Why not make everything UTM? That probably sounds great if you use UTM all the time. A lot of academics fall into that category. However, a lot of engineers do not. They fall in the state plane category and may even be required to use state plane. There is no one projection to rule them all. Anything I pick will make someone less happy. For projected systems, there is also the problem of data sets that cross boundaries. This doesn’t occur to a lot of people because their area of interest is fairly constrained, but there are data sets that span multiple states and multiple UTM zones. That makes things ugly and you have to pay a lot more attention when merging data.
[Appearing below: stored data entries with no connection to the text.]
theorem mainTheorem11:
  fixes N \<mu> \<beta> \<sigma> \<gamma> p \<rho> :: real
    and x :: "real \<Rightarrow> real \<times> real \<times> real"
  assumes "N > 0" "\<mu> > 0" "\<beta> > 0" "\<sigma> > 0" "\<gamma> > 0" "p > 0"
    and "0 < \<rho>" "\<rho> < 1"
    and "x 0 \<in> Omega N"
    and "forward_solution (seir_field N \<mu> \<beta> \<sigma> \<gamma> p \<rho>) x"
    and "omega_limit x \<subseteq> interior (Omega N)"
  shows "closed_orbit (seir_field N \<mu> \<beta> \<sigma> \<gamma> p \<rho>) (omega_limit x) \<or>
         omega_limit x =
           (let Ie = (\<mu> * N * \<sigma> * \<beta> * (1 - \<rho>) - (\<sigma> + \<mu>) * (\<gamma> + \<mu>) * (p + \<mu> * N))
                     / ((\<sigma> + \<mu>) * (\<gamma> + \<mu>) * \<beta> * (1 - \<rho>))
            in {((\<sigma> + \<mu>) * (\<gamma> + \<mu>) * N / (\<sigma> * \<beta> * (1 - \<rho>)),
                 (\<gamma> + \<mu>) / \<sigma> * Ie, Ie)})"
proof -
  interpret seir_solution "\<lambda>t. fst (x t)" "\<lambda>t. fst (snd (x t))" "\<lambda>t. snd (snd (x t))"
    "\<mu> * N" "\<beta> * (1 - \<rho>) / N" "p / N + \<mu>" "\<sigma> + \<mu>" "\<gamma> + \<mu>" \<sigma> \<mu> N
    by (rule seir_solution_if_forward_solution) (use assms in auto)
  have positive: "\<forall>\<^sub>F t in at_top. 0 < fst (x t) \<and> 0 < fst (snd (x t)) \<and> 0 < snd (snd (x t))"
    using assms(11) by (intro eventually_positive_if_omega_limit_in_interior) simp
  show ?thesis
  proof (cases "0 < endemic_I")
    case True
    have "omega_limit x = {(endemic_S, endemic_E, endemic_I)}"
      using omega_limit_tendsto[OF tendsto_endemic_equilibrium[OF True positive]] by simp
    moreover have "endemic_S = (\<sigma> + \<mu>) * (\<gamma> + \<mu>) * N / (\<sigma> * (\<beta> * (1 - \<rho>)))"
      unfolding endemic_S_def using assms(1-8) by (intro endemic_equilibrium_formulas(1)) auto
    moreover have "endemic_I = (\<mu> * N * \<sigma> * (\<beta> * (1 - \<rho>)) - (\<sigma> + \<mu>) * (\<gamma> + \<mu>) * (p + \<mu> * N))
                     / ((\<sigma> + \<mu>) * (\<gamma> + \<mu>) * (\<beta> * (1 - \<rho>)))"
      unfolding endemic_I_def endemic_S_def using assms(1-8) by (intro endemic_equilibrium_formulas(2)) auto
    ultimately show ?thesis by (simp add: Let_def endemic_E_def mult.assoc)
  next
    case False
    have "omega_limit x = {(\<mu> * N / (p / N + \<mu>), 0, 0)}"
      using omega_limit_tendsto[OF tendsto_disease_free_equilibrium[OF _ eventually_mono[OF positive]]] False
      by simp
    then have "(\<mu> * N / (p / N + \<mu>), 0, 0) \<in> interior (Omega N)" using assms(11) by blast
    then show ?thesis using interior_Omega_positive by blast
  qed
qed

end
I have definitely gotten data that had been in two different UTM zones and then converted as if it was in one zone, creating a six degree separation of the data.

Geographic coordinates are one system that lets us use the same system everywhere. This was more important early on when getting properly coded LAS files was a bit iffy. As long was we knew what the data was in, we could convert to geographic and have confidence in what we were dealing with instead of relying on poor software to figure it out. Software is a lot better now and we could probably change, but it would still make a processing flow change for our custom system (Data Access Viewer; DAV). Right now, we can merge the data needed for a request into one file and then reproject to the requested projection. If the projections might vary, we would have to reproject each file first and then merge. Not a big deal, but slightly messier with more things to keep track of.
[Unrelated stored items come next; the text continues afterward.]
lemma Delta_id_eq: "Delta_id m D x = iota M3 (assocr (tmap \<Delta> id x))"
proof -
  have "Delta_id m D x = mlext (\<lambda>p. iota M3 (assocr (tens (\<Delta> (bv (fst p))) (bv (snd p))))) x"
    unfolding Delta_id_def iota_def using M3_assocr_left_eq M3_assocr_right_eq by simp
  also have "\<dots> = iota M3 (lext (\<lambda>p. assocr (tens (\<Delta> (bv (fst p))) (bv (snd p)))) x)"
    by (rule mlext_iota[OF kbilinear_tmult])
  also have "lext (\<lambda>p. assocr (tens (\<Delta> (bv (fst p))) (bv (snd p)))) x = assocr (tmap \<Delta> id x)"
    by (rule klinear_basis_ext[where f="lext _"]) (intro klinear_Delta_intros klinear_lext | simp add: tmap_def)+
  finally show ?thesis .
qed

definition coassociative :: bool where
  "coassociative \<longleftrightarrow> (\<forall>a. assocr (tmap \<Delta> id (\<Delta> a)) = tmap id \<Delta> (\<Delta> a))"

subsection \<open>Axiom (ii) and coassociativity\<close>

definition T2_after_T1 where
  "T2_after_T1 x = (assocr \<circ> tmap (T2 m D) id \<circ> assocl) (tmap id (T1 m D) x)"

definition T1_after_T2 where
  "T1_after_T2 x = tmap id (T1 m D) ((assocr \<circ> tmap (T2 m D) id \<circ> assocl) x)"

lemma T2_id_assocl_tens:
  "assocr (tmap (T2 m D) id (assocl (tens a W))) = M3 (tens a u2) (assocr (tmap \<Delta> id W))"
proof (rule klinear_tens_ext[where f="\<lambda>W. assocr (tmap (T2 m D) id (assocl (tens a W)))"])
  fix s t
  have "assocr (tens (M2 (tens a u) (\<Delta> s)) t) = assocr (M2l (tens (tens a u) u) (tens (\<Delta> s) t))"
    by simp
  also have "\<dots> = M3 (tens a u2) (assocr (tens (\<Delta> s) t))"
    by (simp only: assocr_M2l assocr_tens)
  finally show "assocr (tmap (T2 m D) id (assocl (tens a (tens s t)))) =
      M3 (tens a u2) (assocr (tmap \<Delta> id (tens s t)))"
    by (simp add: assocl_tens tmap_tens T2_tens)
qed (intro klinear_Delta_intros | simp)+

lemma id_T1_assocr_tens: "tmap id (T1 m D) (assocr (tens Z c)) = M3 (tmap id \<Delta> Z) (tens u (tens u c))"
  by (rule klinear_tens_ext[where f="\<lambda>Z. tmap id (T1 m D) (assocr (tens Z c))"
        and g="\<lambda>Z. M3 (tmap id \<Delta> Z) (tens u (tens u c))"])
     (intro klinear_Delta_intros | simp add: assocr_tens tmap_tens T1_tens)+

lemma T2_after_T1_tens:
  "T2_after_T1 (tens a (tens b c)) = M3 (tens a u2) (M3 (assocr (tmap \<Delta> id (\<Delta> b))) (tens u (tens u c)))"
proof -
  have unit: "tens \<Delta>\<^sub>1 c = M2l (tmap \<Delta> id u2) (tens u2 c)"
    by simp
  have "tmap \<Delta> id (M2 (\<Delta> b) (tens u c)) = M2l (tmap \<Delta> id (\<Delta> b)) (tens \<Delta>\<^sub>1 c)"
    by (simp add: tmap_Delta_id_mult)
  also have "\<dots> = M2l (tmap \<Delta> id (M2 (\<Delta> b) u2)) (tens u2 c)"
    unfolding unit tmap_Delta_id_mult by (simp add: kalgebra_assoc[OF algebra_M2l])
  finally have "tmap \<Delta> id (M2 (\<Delta> b) (tens u c)) = M2l (tmap \<Delta> id (\<Delta> b)) (tens u2 c)"
    by simp
  then show ?thesis
    unfolding T2_after_T1_def by (simp add: tmap_tens T1_tens T2_id_assocl_tens assocr_M2l assocr_tens)
qed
Since I brought up the DAV system, I think it’s worth talking about the different intents of the data distribution we have. Originally, we only had the custom system and a user never saw what projection the base data was in. It also happens to be in ellipsoid heights. The DAV system does a lot of processing for you, including reprojection. However, the limits on how big a job we could safely process without causing problems meant that you couldn’t use it to get a county worth of data. We started to put the data onto an ftp site for those people that needed a full county of data (after applying the latest geoid model). The theory was that if you needed a full county of data, you probably had the knowledge and horsepower to handle changing projections and lots of other things. There is a handy table of those data sets. If we hadn’t turned everything into geographic coordinates, we would probably need to do the same thing USGS did and put it out in whatever projection in came in as (not all UTM by the way).

What about the future? The USGS and 3DEP plan is to use Albers Equal Area projection as their standard. There are lots of things to work out still and it’s likely we’ll see data delivered in multiple projections. Essentially though, they’re making the same sort of decision we did with geographic and trying to cover the ground with one system. They also wanted equal area for consistent acquisition sizes. There are good reasons for having different projections and your favorite system isn’t going to make everyone else happy. It’s best to make sure you’ve got some tools to get from one system to another. By the way, all those reprojections go through geographic to get from one system to another. You’ll also go through geographic to do datum transformations.